CHDs can be complex and involve a variety of subtypes. Further, they can be categorized based on severity, as either critical CHDs (CCHDs) or non-critical CHDs (non-CCHDs). The World Health Organization (WHO) reports that CCHDs account for 25% of all CHDs, with infants diagnosed requiring intervention within the first year of life. In many countries, the incidence rate of non-CCHDs is increasing, whereas the rate of CCHDs has remained relatively stable.
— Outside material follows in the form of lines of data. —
(* Let $R$ be a commutative Noetherian ring, $I$ an ideal of $R$, and $M$ an $R$-module such that $\operatorname{Tor}^R_i(R/I,M)=0$ for all integers $i\geq 0$. Then $\operatorname{Hom}_R(R/I,M)=0$. *)

theory Defs
  imports "HOL-Algebra.Algebra" "HOL-Algebra.Module" "HOL-Algebra.QuotRing" "HOL-Algebra.Ring_Divisibility"
begin

text \<open>Finite vectors (elements of N^n) with entries in the carrier of an abelian group N,
  represented as functions nat => 'b that are zero outside the index range.\<close>
definition vecs :: "('b, 'm) ring_scheme \<Rightarrow> nat \<Rightarrow> (nat \<Rightarrow> 'b) set" where
  "vecs N n = {v. (\<forall>j<n. v j \<in> carrier N) \<and> (\<forall>j\<ge>n. v j = \<zero>\<^bsub>N\<^esub>)}"

definition mat_act :: "('b, 'm) ring_scheme \<Rightarrow> ('a \<Rightarrow> 'b \<Rightarrow> 'b) \<Rightarrow> (nat \<Rightarrow> nat \<Rightarrow> 'a)
    \<Rightarrow> nat \<Rightarrow> nat \<Rightarrow> (nat \<Rightarrow> 'b) \<Rightarrow> (nat \<Rightarrow> 'b)" where
  "mat_act N act A p q v =
     (\<lambda>j. if j < p then finsum N (\<lambda>k. act (A j k) (v k)) {..<q} else \<zero>\<^bsub>N\<^esub>)"

text \<open>A resolution of R/I by finitely generated free R-modules
  ... -> R^(n 2) --d 2--> R^(n 1) --d 1--> R^(n 0) = R -> R/I -> 0,
  where d i is an (n (i-1)) x (n i) matrix over R.
  Exactness at R/I is automatic (quotient map), exactness at R means im(d 1) = I,
  exactness at R^(n i), i >= 1, means ker(d i) = im(d (i+1)).\<close>
definition finite_free_resolution ::
  "('a, 'c) ring_scheme \<Rightarrow> 'a set \<Rightarrow> (nat \<Rightarrow> nat) \<Rightarrow> (nat \<Rightarrow> nat \<Rightarrow> nat \<Rightarrow> 'a) \<Rightarrow> bool" where
  "finite_free_resolution R I n d \<longleftrightarrow>
     n 0 = 1 \<and>
     (\<forall>i\<ge>1. \<forall>j<n (i - 1). \<forall>k<n i. d i j k \<in> carrier R) \<and>
     mat_act R (monoid.mult R) (d 1) 1 (n 1) ` vecs R (n 1) = {v \<in> vecs R 1. v 0 \<in> I} \<and>
     (\<forall>i\<ge>1. {x \<in> vecs R (n i). mat_act R (monoid.mult R) (d i) (n (i - 1)) (n i) x = (\<lambda>_. \<zero>\<^bsub>R\<^esub>)}
              = mat_act R (monoid.mult R) (d (Suc i)) (n i) (n (Suc i)) ` vecs R (n (Suc i)))"

text \<open>Tor_i^R(R/I, M) = 0, computed as the i-th homology of the complex F \<otimes>_R M, where
  F is the given finite free resolution of R/I; F_i \<otimes>_R M = M^(n i) and d i \<otimes> M acts
  by the same matrix.  Tor_0 = M / im(d 1 \<otimes> M).\<close>
definition Tor_zero_wrt ::
  "('a, 'c) ring_scheme \<Rightarrow> ('a, 'b, 'd) module_scheme \<Rightarrow> (nat \<Rightarrow> nat)
     \<Rightarrow> (nat \<Rightarrow> nat \<Rightarrow> nat \<Rightarrow> 'a) \<Rightarrow> nat \<Rightarrow> bool" where
  "Tor_zero_wrt R M n d i \<longleftrightarrow>
     (if i = 0 then mat_act M (smult M) (d 1) 1 (n 1) ` vecs M (n 1) = vecs M 1
      else {x \<in> vecs M (n i). mat_act M (smult M) (d i) (n (i - 1)) (n i) x = (\<lambda>_. \<zero>\<^bsub>M\<^esub>)}
             = mat_act M (smult M) (d (Suc i)) (n i) (n (Suc i)) ` vecs M (n (Suc i)))"

text \<open>Tor_i^R(R/I, M) = 0 for all i >= 0.  Since Tor is independent of the chosen
  resolution, this is the vanishing of homology for some finite free resolution of R/I.\<close>
definition Tor_all_vanish ::
  "('a, 'c) ring_scheme \<Rightarrow> 'a set \<Rightarrow> ('a, 'b, 'd) module_scheme \<Rightarrow> bool" where
  "Tor_all_vanish R I M \<longleftrightarrow>
     (\<exists>n d. finite_free_resolution R I n d \<and> (\<forall>i::nat. Tor_zero_wrt R M n d i))"

text \<open>Hom_R(R/I, M): R-linear maps from the R-module R/I (= R Quot I, with r . X = (I +> r) X)
  to M.\<close>
definition Hom_quot ::
  "('a, 'c) ring_scheme \<Rightarrow> 'a set \<Rightarrow> ('a, 'b, 'd) module_scheme \<Rightarrow> ('a set \<Rightarrow> 'b) set" where
  "Hom_quot R I M = {f. f \<in> carrier (R Quot I) \<rightarrow> carrier M \<and>
      (\<forall>xa\<in>carrier (R Quot I). \<forall>ya\<in>carrier (R Quot I).
          f (xa \<oplus>\<^bsub>(R Quot I)\<^esub> ya) = f xa \<oplus>\<^bsub>M\<^esub> f ya) \<and>
      (\<forall>r\<in>carrier R. \<forall>xa\<in>carrier (R Quot I).
          f ((I +>\<^bsub>R\<^esub> r) \<otimes>\<^bsub>(R Quot I)\<^esub> xa) = r \<odot>\<^bsub>M\<^esub> f xa)}"

end

theory Submission
  imports Defs
begin

text \<open>A homomorphism \<open>R/I \<rightarrow> M\<close> is determined by the image \<open>m\<close> of \<open>1\<close>, which is annihilated by \<open>I\<close>.
  The entries \<open>x\<^sub>0, \<dots>, x\<^bsub>s-1\<^esub>\<close> of the first differential of the free resolution \<open>F\<close> of \<open>R/I\<close>
  generate \<open>I\<close>, so \<open>m e\<^bsub>{0..s-1}\<^esub>\<close> is a cycle of the Koszul complex \<open>K(x) \<otimes> M\<close> in top degree, and it
  suffices to show that \<open>K(x) \<otimes> M\<close> is exact.  This follows from the double complex
  \<open>K(x) \<otimes> F \<otimes> M\<close>: its total complex is acyclic, since every column is a sum of copies of
  \<open>F \<otimes> M\<close>, which is exact because all \<open>Tor\<^sub>i(R/I, M)\<close> vanish; and multiplication by \<open>x\<^sub>j\<close> is
  null-homotopic on \<open>K(x) \<otimes> M\<close> (the homotopy is \<open>e\<^sub>j \<and> -\<close>), so Koszul homology is killed by \<open>I\<close>.
  Comparing both filtrations of the double complex, degree by degree, shows that every Koszul
  cycle is a boundary.\<close>

lemma (in abelian_group) a_inv_zero [simp]: "\<ominus> \<zero> = \<zero>"
  by (rule minus_equality) simp_all

lemma (in abelian_group) finsum_negf:
  assumes "finite A" "f \<in> A \<rightarrow> carrier G"
  shows "\<ominus> (\<Oplus>i\<in>A. f i) = (\<Oplus>i\<in>A. \<ominus> f i)"
  using assms by (induct set: finite) (simp_all add: Pi_def minus_add finsum_closed)

lemma (in abelian_group) finsum_eq_single:
  assumes "finite A" "j \<in> A" "f \<in> A \<rightarrow> carrier G" "\<And>i. i \<in> A \<Longrightarrow> i \<noteq> j \<Longrightarrow> f i = \<zero>"
  shows "(\<Oplus>i\<in>A. f i) = f j"
proof -
  have "(\<Oplus>i\<in>A. f i) = (\<Oplus>i\<in>A. if j = i then f i else \<zero>)"
    using assms by (intro finsum_cong') auto
  also have "\<dots> = f j"
    using assms by (intro add.finprod_singleton) auto
  finally show ?thesis .
qed

lemma (in abelian_group) finsum_swap:
  assumes "finite A" "finite B" "\<And>i j. i \<in> A \<Longrightarrow> j \<in> B \<Longrightarrow> f i j \<in> carrier G"
  shows "(\<Oplus>i\<in>A. \<Oplus>j\<in>B. f i j) = (\<Oplus>j\<in>B. \<Oplus>i\<in>A. f i j)"
  using assms
proof (induct set: finite)
  case (insert a A)
  have "(\<Oplus>j\<in>B. \<Oplus>i\<in>insert a A. f i j) = (\<Oplus>j\<in>B. f a j \<oplus> (\<Oplus>i\<in>A. f i j))"
    using insert by (intro finsum_cong') (auto simp: Pi_def)
  also have "\<dots> = (\<Oplus>j\<in>B. f a j) \<oplus> (\<Oplus>j\<in>B. \<Oplus>i\<in>A. f i j)"
    using insert by (intro finsum_addf) (auto simp: Pi_def intro!: finsum_closed)
  finally show ?case
    using insert by (subst finsum_insert) (auto intro!: finsum_closed)
qed simp

lemma (in abelian_group) finsum_antisym_eq_zero:
  assumes "finite A" "\<And>i j. i \<in> A \<Longrightarrow> j \<in> A \<Longrightarrow> g i j \<in> carrier G"
    and "\<And>i. i \<in> A \<Longrightarrow> g i i = \<zero>"
    and "\<And>i j. i \<in> A \<Longrightarrow> j \<in> A \<Longrightarrow> g i j = \<ominus> g j i"
  shows "(\<Oplus>i\<in>A. \<Oplus>j\<in>A. g i j) = \<zero>"
  using assms
proof (induct set: finite)
  case empty show ?case by simp
next
  case (insert a A)
  have c: "\<And>i j. i \<in> insert a A \<Longrightarrow> j \<in> insert a A \<Longrightarrow> g i j \<in> carrier G" using insert(4) by blast
  have IH: "(\<Oplus>i\<in>A. \<Oplus>j\<in>A. g i j) = \<zero>"
    using insert(3)[OF c insert(5) insert(6)] by blast
  have cA: "\<And>i. i \<in> insert a A \<Longrightarrow> (\<lambda>j. g i j) \<in> A \<rightarrow> carrier G" using c by blast
  have s1: "\<And>i. i \<in> insert a A \<Longrightarrow> (\<Oplus>j\<in>insert a A. g i j) = g i a \<oplus> (\<Oplus>j\<in>A. g i j)"
    using insert(1,2) c cA by (subst finsum_insert) auto
  have "(\<Oplus>i\<in>insert a A. \<Oplus>j\<in>insert a A. g i j)
     = (\<Oplus>i\<in>insert a A. g i a \<oplus> (\<Oplus>j\<in>A. g i j))"
    by (rule finsum_cong') (use s1 cA c in \<open>auto intro!: finsum_closed\<close>)
  also have "\<dots> = (\<Oplus>i\<in>insert a A. g i a) \<oplus> (\<Oplus>i\<in>insert a A. \<Oplus>j\<in>A. g i j)"
    by (rule finsum_addf) (use cA c in \<open>auto intro!: finsum_closed\<close>)
  also have "(\<Oplus>i\<in>insert a A. g i a) = g a a \<oplus> (\<Oplus>i\<in>A. g i a)"
    by (rule finsum_insert) (use insert(1,2) c in auto)
  also have "(\<Oplus>i\<in>insert a A. \<Oplus>j\<in>A. g i j)
      = (\<Oplus>j\<in>A. g a j) \<oplus> (\<Oplus>i\<in>A. \<Oplus>j\<in>A. g i j)"
    by (rule finsum_insert) (use insert(1,2) cA in \<open>auto intro!: finsum_closed\<close>)
  also note IH
  also have "(\<Oplus>j\<in>A. g a j) = \<ominus> (\<Oplus>i\<in>A. g i a)"
  proof -
    have "(\<Oplus>j\<in>A. g a j) = (\<Oplus>j\<in>A. \<ominus> g j a)"
    proof (rule finsum_cong'[OF refl])
      show "(\<lambda>j. \<ominus> g j a) \<in> A \<rightarrow> carrier G" using c by blast
      fix j assume "j \<in> A"
      then show "g a j = \<ominus> g j a" by (intro insert(6)) auto
    qed
    also have "\<dots> = \<ominus> (\<Oplus>i\<in>A. g i a)"
      by (rule finsum_negf[symmetric]) (use insert(1) c in auto)
    finally show ?thesis .
  qed
  finally have e: "(\<Oplus>i\<in>insert a A. \<Oplus>j\<in>insert a A. g i j)
     = (g a a \<oplus> (\<Oplus>i\<in>A. g i a)) \<oplus> (\<ominus> (\<Oplus>i\<in>A. g i a) \<oplus> \<zero>)" .
  have z: "(\<Oplus>i\<in>A. g i a) \<in> carrier G" using c by (intro finsum_closed) auto
  show ?case unfolding e insert(5)[OF insertI1] using z by (simp add: r_neg)
qed

lemma (in module) smult_left_commute:
  "a \<in> carrier R \<Longrightarrow> b \<in> carrier R \<Longrightarrow> m \<in> carrier M \<Longrightarrow>
    a \<odot>\<^bsub>M\<^esub> (b \<odot>\<^bsub>M\<^esub> m) = b \<odot>\<^bsub>M\<^esub> (a \<odot>\<^bsub>M\<^esub> m)"
  by (simp add: smult_assoc1[symmetric] m_comm)

lemma (in module) finsum_smult_rdistr:
  assumes "finite A" "f \<in> A \<rightarrow> carrier R" "m \<in> carrier M"
  shows "(\<Oplus>i\<in>A. f i) \<odot>\<^bsub>M\<^esub> m = (\<Oplus>\<^bsub>M\<^esub> i\<in>A. f i \<odot>\<^bsub>M\<^esub> m)"
  using assms by (induct set: finite) (simp_all add: Pi_def smult_l_distr R.finsum_closed)

definition signed :: "('b, 'm) ring_scheme \<Rightarrow> bool \<Rightarrow> 'b \<Rightarrow> 'b" where
  "signed G b a = (if b then a else \<ominus>\<^bsub>G\<^esub> a)"

context abelian_group
begin

lemma signed_closed [simp]: "a \<in> carrier G \<Longrightarrow> signed G b a \<in> carrier G"
  by (simp add: signed_def)

lemma signed_True [simp]: "signed G True a = a"
  by (simp add: signed_def)

lemma signed_zero [simp]: "signed G b \<zero> = \<zero>"
  by (simp add: signed_def)

lemma signed_signed: "a \<in> carrier G \<Longrightarrow> signed G b (signed G b' a) = signed G (b = b') a"
  by (simp add: signed_def)

lemma signed_not: "a \<in> carrier G \<Longrightarrow> signed G (\<not> b) a = \<ominus> signed G b a"
  by (simp add: signed_def)

lemma signed_add:
  "a \<in> carrier G \<Longrightarrow> a' \<in> carrier G \<Longrightarrow> signed G b (a \<oplus> a') = signed G b a \<oplus> signed G b a'"
  by (simp add: signed_def minus_add)

lemma signed_minus: "a \<in> carrier G \<Longrightarrow> signed G b (\<ominus> a) = \<ominus> signed G b a"
  by (simp add: signed_def)

lemma signed_cancel: "a \<in> carrier G \<Longrightarrow> signed G b a \<oplus> signed G (\<not> b) a = \<zero>"
  by (simp add: signed_def r_neg l_neg)

lemma signed_eq_zero_iff: "a \<in> carrier G \<Longrightarrow> signed G b a = \<zero> \<longleftrightarrow> a = \<zero>"
  by (metis minus_minus signed_def signed_zero)

lemma finsum_signed:
  "finite A \<Longrightarrow> f \<in> A \<rightarrow> carrier G \<Longrightarrow> signed G b (\<Oplus>i\<in>A. f i) = (\<Oplus>i\<in>A. signed G b (f i))"
  by (simp add: signed_def finsum_negf)

end

lemma (in module) smult_signed:
  "a \<in> carrier R \<Longrightarrow> m \<in> carrier M \<Longrightarrow> a \<odot>\<^bsub>M\<^esub> signed M b m = signed M b (a \<odot>\<^bsub>M\<^esub> m)"
  by (simp add: signed_def smult_r_minus)

section \<open>The Koszul complex\<close>

definition koszul_sign :: "nat \<Rightarrow> nat set \<Rightarrow> bool" where
  "koszul_sign j T \<longleftrightarrow> even (card {i \<in> T. i < j})"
This study aims to examine the trends and incidence rates of CHDs, providing data to inform governmental policy interventions. Our findings reveal an increasing incidence rate of CHDs in the Haidian District, Beijing, from 84.65 per 10,000 births in 2013 to 105.72 per 10,000 births in 2022, with non-CCHDs contributing significantly to this increase. Meanwhile, the incidence of CCHDs remained stable at an average of 19.00 per 10,000 births. Interestingly, improved diagnostic techniques have not coincided with improved survival rates for both CCHDs and non-CCHDs.
This study analyzes data from a hospital-based BD surveillance system in Haidian District. The surveillance system’s details were highlighted in a prior publication (5). Each pertinent healthcare institution in the district (18 community health service centers, midwifery agencies, and children’s hospitals) was obligated to complete unified forms and registration cards, reporting individual details about BDs and infant deaths. As per the Beijing Municipal Health Commission’s protocols, a prenatal diagnosis rate exceeding 90% is required, with further examinations conducted on newborns exhibiting abnormalities. The diagnosis of CHDs followed the standards outlined by the International Statistical Classification of Diseases and Related Health Problems, 10th Edition. Joinpoint regression, facilitated by joinpoint software (version 4.9.1, Information Management Services, Inc., Calverton, MD, USA), was employed to calculate the annual percentage change (APC) and the average annual percentage change (AAPC) in CHDs prevalence. Statistical significance was marked by a two-tailed P value of less than or equal to 0.05. The survival rate took the total number of CHDs into account in relation to live births, expressed as the number of live births per 100 CCHDs or non-CCHDs. The total perinatal infant count each year in Haidian District, China, formed the numerators to compute the annual prevalence, delineated as per 10,000 births.
In summary, 12 subtypes were recognized as CCHDs: common arterial trunk, double outlet right ventricle, complete transposition of great vessels, single ventricle, tetralogy of Fallot (TOF), congenital tricuspid stenosis, Ebstein’s anomaly, hypoplastic left heart syndrome, interrupted aortic arch, pulmonary artery atresia, total anomalous pulmonary venous connection, and aortic coarctation.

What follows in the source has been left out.